Gerspacher Marc, Lewis Christine, Ball Howard A, Howes Colin, Subramanian Natarajan, Ryffel Karin, Fozard John R
Pharma Research, Novartis Pharma AG, CH-4002 Basel, Switzerland.
J Med Chem. 2003 Jul 31;46(16):3508-13. doi: 10.1021/jm030786m.

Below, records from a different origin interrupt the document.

(* Let $\widetilde\nabla$ be the canonical snm-connection on $\mathbb R^3$ determined by $\mathsf C=\partial_z$, and let $M$ be the rotational surface $\psi(s,t)=(x(s)\cos t,x(s)\sin t,z(s))$, $s\in I$, $t\in\mathbb R$, with $I$ an open interval, $x>0$, $x'^2+z'^2=1$. If the generating curve $s\mapsto(x(s),z(s))$ is an arc of a circle, i.e. $(x(s),z(s))=(c_1,c_2)+r(\cos(s/r),\sin(s/r))$ for constants $c_1,c_2\in\mathbb R$, $r>0$, then the sectional curvature $K$ of $M$ with respect to $\widetilde\nabla$ is not constant.
   Context: Let $\langle\cdot,\cdot\rangle$ be the Euclidean metric on $\mathbb R^3$ and $\widetilde\nabla^0$ its Levi-Civita connection (the ordinary directional derivative). Given a smooth vector field $\mathsf C$ on $\mathbb R^3$, the semi-symmetric non-metric connection (snm-connection) determined by $\mathsf C$ is $\widetilde\nabla_XY=\widetilde\nabla^0_XY+\langle \mathsf C,Y\rangle X$. Its curvature tensor is $\widetilde R(X,Y)Z=\widetilde\nabla_X\widetilde\nabla_YZ-\widetilde\nabla_Y\widetilde\nabla_XZ-\widetilde\nabla_{[X,Y]}Z$. For a surface $M$ immersed in $\mathbb R^3$, the induced connection is $\nabla_XY=(\widetilde\nabla_XY)^{\top}$ (tangential component), with curvature tensor $R$ defined by the same formula, and the sectional curvature of $M$ with respect to $\widetilde\nabla$ at $p$ is $K(p)=\frac12\big(\langle R(e_1,e_2)e_2,e_1\rangle+\langle R(e_2,e_1)e_1,e_2\rangle\big)$ for an orthonormal basis $\{e_1,e_2\}$ of $T_pM$. *)

theory Defs
  imports "HOL-Analysis.Analysis"
begin

text \<open>A parametrized surface psi : (s,t) |-> psi s t in R^3. Vector fields along the
surface (tangent or ambient-valued) are functions of the parameters (s,t).\<close>

type_synonym field3 = "real \<Rightarrow> real \<Rightarrow> real^3"
(* Let $(A,\mathfrak m)$ be a local Noetherian normal integral domain, and let $I_1,I_2,\dots$ be nonzero prime ideals of $A$ with $\lim_{n\to\infty}I_n=0$ in the $\mathfrak m$-adic topology. Set $P=\prod_n A/I_n$ and $S=\bigoplus_n A/I_n\subseteq P$. If $M$ is a finitely generated $A$-module with $\operatorname{Hom}_A(M,A/I_n)\cong A/I_n$ for all $n$, then $\operatorname{Hom}_A(M,P/S)\cong P/S$.
   Context: $\lim_{n\to\infty}I_n=0$ in the $\mathfrak m$-adic topology means: for every $i\ge1$ there is $n_i$ such that $I_n\subseteq\mathfrak m^i$ for all $n\ge n_i$. *)

theory Defs
  imports "HOL-Algebra.Algebra"
begin

definition local_ring_with :: "('a, 'b) ring_scheme \<Rightarrow> 'a set \<Rightarrow> bool" where
  "local_ring_with A m \<longleftrightarrow> maximalideal m A \<and> (\<forall>J. maximalideal J A \<longrightarrow> J = m)"

text \<open>An element a/b
 (b nonzero) of the fraction field is integral over A iff there are n \<ge> 1 and
 c_0,...,c_(n-1) in A with (a/b)^n + sum c_i (a/b)^i = 0, i.e. after clearing
 denominators a^n + sum_(i<n) c_i a^i b^(n-i) = 0; it lies in A iff b divides a.\<close>
definition normal_domain :: "('a, 'b) ring_scheme \<Rightarrow> bool" where
  "normal_domain A \<longleftrightarrow> domain A \<and>
     (\<forall>a\<in>carrier A. \<forall>b\<in>carrier A. b \<noteq> \<zero>\<^bsub>A\<^esub> \<longrightarrow>
        (\<exists>n::nat. n \<ge> 1 \<and> (\<exists>c. c \<in> {..<n} \<rightarrow> carrier A \<and>
            a [^]\<^bsub>A\<^esub> n \<oplus>\<^bsub>A\<^esub>
              (\<Oplus>\<^bsub>A\<^esub>i\<in>{..<n}. c i \<otimes>\<^bsub>A\<^esub> a [^]\<^bsub>A\<^esub> i \<otimes>\<^bsub>A\<^esub> b [^]\<^bsub>A\<^esub> (n - i))
            = \<zero>\<^bsub>A\<^esub>))
        \<longrightarrow> (\<exists>x\<in>carrier A. a = b \<otimes>\<^bsub>A\<^esub> x))"

definition ideal_pow :: "('a, 'b) ring_scheme \<Rightarrow> 'a set \<Rightarrow> nat \<Rightarrow> 'a set" where
  "ideal_pow A m i = m [^]\<^bsub>ideals_set A\<^esub> i"

definition fin_gen_module :: "('a, 'c) ring_scheme \<Rightarrow> ('a, 'm) module \<Rightarrow> bool" where
  "fin_gen_module A M \<longleftrightarrow> (\<exists>G. finite G \<and> G \<subseteq> carrier M \<and>
      carrier M = \<Inter>{H. submodule H A M \<and> G \<subseteq> H})"

definition self_module :: "('a, 'c) ring_scheme \<Rightarrow> ('a, 'a) module" where
  "self_module A = \<lparr>carrier = carrier A, monoid.mult = monoid.mult A, one = monoid.one A, ring.zero = ring.zero A,
     ring.add = add A, smult = monoid.mult A\<rparr>"

definition quot_module :: "('a, 'c) ring_scheme \<Rightarrow> ('a, 'm) module \<Rightarrow> 'm set \<Rightarrow> ('a, 'm set) module" where
  "quot_module A M N = \<lparr>carrier = a_rcosets\<^bsub>M\<^esub> N,
     monoid.mult = set_add M, one = N, ring.zero = N,
     ring.add = set_add M,
     smult = (\<lambda>a Y. set_add M N ((\<lambda>x. a \<odot>\<^bsub>M\<^esub> x) ` Y))\<rparr>"

definition prod_module :: "('a, 'c) ring_scheme \<Rightarrow> (nat \<Rightarrow> ('a, 'm) module) \<Rightarrow> ('a, nat \<Rightarrow> 'm) module" where
  "prod_module A Ms = \<lparr>carrier = {f. \<forall>n. f n \<in> carrier (Ms n)},
     monoid.mult = (\<lambda>f g n. f n \<oplus>\<^bsub>Ms n\<^esub> g n), one = (\<lambda>n. \<zero>\<^bsub>Ms n\<^esub>), ring.zero = (\<lambda>n. \<zero>\<^bsub>Ms n\<^esub>),
     ring.add = (\<lambda>f g n. f n \<oplus>\<^bsub>Ms n\<^esub> g n),
     smult = (\<lambda>a f n. a \<odot>\<^bsub>Ms n\<^esub> f n)\<rparr>"

definition dsum_set :: "(nat \<Rightarrow> ('a, 'm) module) \<Rightarrow> (nat \<Rightarrow> 'm) set" where
  "dsum_set Ms = {f. (\<forall>n. f n \<in> carrier (Ms n)) \<and> finite {n. f n \<noteq> \<zero>\<^bsub>Ms n\<^esub>}}"

definition mod_hom :: "('a, 'c) ring_scheme \<Rightarrow> ('a, 'm) module \<Rightarrow> ('a, 'n) module \<Rightarrow> ('m \<Rightarrow> 'n) set" where
  "mod_hom A M N = {f. f \<in> carrier M \<rightarrow> carrier N \<and> f \<in> extensional (carrier M) \<and>
     (\<forall>x\<in>carrier M. \<forall>y\<in>carrier M. f (x \<oplus>\<^bsub>M\<^esub> y) = f x \<oplus>\<^bsub>N\<^esub> f y) \<and>
     (\<forall>a\<in>carrier A. \<forall>x\<in>carrier M. f (a \<odot>\<^bsub>M\<^esub> x) = a \<odot>\<^bsub>N\<^esub> f x)}"
(* Let $\mathbb{T}$ be a finite time scale and $a\in\mathbb{T}$ such that exactly $m$ elements of $\mathbb{T}$ are larger than $a$ and exactly $r$ elements are smaller than $a$, where $m\geq1$, $r\geq0$ and $r+m\geq2$; thus $\mathbb{T}$ has $n=m+r+1$ elements. Let $\alpha=\min\mathbb{T}$, $\beta=\rho(\max\mathbb{T})$ (the second largest element of $\mathbb{T}$), let $q$ be real-valued, and consider the boundary value problem $$-y^{\Delta\Delta}(t)+q(t)\,y(a)=\lambda\, y^{\sigma}(t),\quad t\in\mathbb{T}^{\kappa^{2}},\qquad U(y)=0,\quad V(y)=0,$$ where $U(y)=a_{11}y(\alpha)+a_{12}y^{\Delta}(\alpha)+a_{21}y(\beta)+a_{22}y^{\Delta}(\beta)$ and $V(y)=b_{11}y(\alpha)+b_{12}y^{\Delta}(\alpha)+b_{21}y(\beta)+b_{22}y^{\Delta}(\beta)$ with real coefficients $a_{ij},b_{ij}$. Let $$A=\begin{pmatrix}a_{11}\mu(\alpha)-a_{12} & b_{11}\mu(\alpha)-b_{12}\\ a_{22} & b_{22}\end{pmatrix}.$$ If $\det A\neq0$, the problem has exactly $n-2$ eigenvalues counted with multiplicities; otherwise the number of eigenvalues counted with multiplicities is less than $n-2$.
   Context: For a time scale $\mathbb{T}$, $\sigma$, $\rho$ are the forward and backward jump operators, $\mu(t)=\sigma(t)-t$, $y^{\sigma}=y\circ\sigma$, $y^{\Delta}$, $y^{\Delta\Delta}$ are the delta derivatives (on a finite time scale $y^{\Delta}(t)=(y(\sigma(t))-y(t))/\mu(t)$), $\mathbb{T}^{\kappa}$ is $\mathbb{T}$ with its largest element removed and $\mathbb{T}^{\kappa^2}=(\mathbb{T}^{\kappa})^{\kappa}$. An eigenvalue is a $\lambda\in\mathbb{C}$ for which the problem has a nontrivial solution. Let $S(t,\lambda)$, $C(t,\lambda)$ be the solutions of the equation with $S(a,\lambda)=0$, $S^{\Delta}(a,\lambda)=1$, $C(a,\lambda)=1$, $C^{\Delta}(a,\lambda)=0$ and $\Delta(\lambda)=U(C)V(S)-V(C)U(S)$; on a finite time scale $\Delta(\lambda)$ is a polynomial in $\lambda$ whose zeros are exactly the eigenvalues, and the multiplicity of an eigenvalue is its multiplicity as a zero of $\Delta$. *)

theory Defs
  imports "HOL-Computational_Algebra.Polynomial"
begin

In a program aimed at the development of neurokinin antagonists, N-[(R,R)-(E)-1-(3,4-dichlorobenzyl)-3-(2-oxoazepan-3-yl)carbamoyl]allyl-N-methyl-3,5-bis(trifluoromethyl)benzamide (1, DNK333) has been discovered as a potent and balanced neurokinin (tachykinin) NK(1)/NK(2) receptor antagonist. Enantiomerically pure (>99.5% ee) 1 can be prepared in 6 + 1 synthetic steps starting from commercially available optically active BOC-d-3,4-dichlorophenylalanine in an overall yield of ca. 25-30%. 1 showed potent affinities to cloned human NK(1) (pK(i) = 8.38) and NK(2) (pK(i) = 8.02) receptors. When 1 was compared to the other possible three diastereoisomers, it could be demonstrated that only the R,R-isomer (1) exhibits potent and balanced affinity for the cloned human NK(1) and NK(2) receptors. 1 exhibited favorable pharmacokinetic properties in guinea pigs following oral administration and demonstrated in vivo activity in pharmacological models of substance P- and neurokinin A (NKA)-induced bronchoconstriction in guinea pigs after intravenous and in squirrel monkeys after oral application.
在一个旨在开发神经激肽拮抗剂的项目中,已发现N-[(R,R)-(E)-1-(3,4-二氯苄基)-3-(2-氧代氮杂环庚烷-3-基)氨基甲酰基]烯丙基-N-甲基-3,5-双(三氟甲基)苯甲酰胺(1,DNK333)是一种强效且平衡的神经激肽(速激肽)NK(1)/NK(2)受体拮抗剂。对映体纯的(>99.5% ee) 1可以从市售的旋光性BOC-d-3,4-二氯苯丙氨酸开始,经过6 + 1步合成制备,总产率约为25-30%。1对克隆的人NK(1)(pK(i)= 8.38)和NK(2)(pK(i)= 8.02)受体表现出强效亲和力。当将1与其他三种可能的非对映异构体进行比较时,可以证明只有R,R-异构体(1)对克隆的人NK(1)和NK(2)受体表现出强效且平衡的亲和力。1在豚鼠口服给药后表现出良好的药代动力学性质,并在豚鼠静脉注射后以及松鼠猴口服给药后,在P物质和神经激肽A(NKA)诱导的豚鼠支气管收缩的药理模型中显示出体内活性。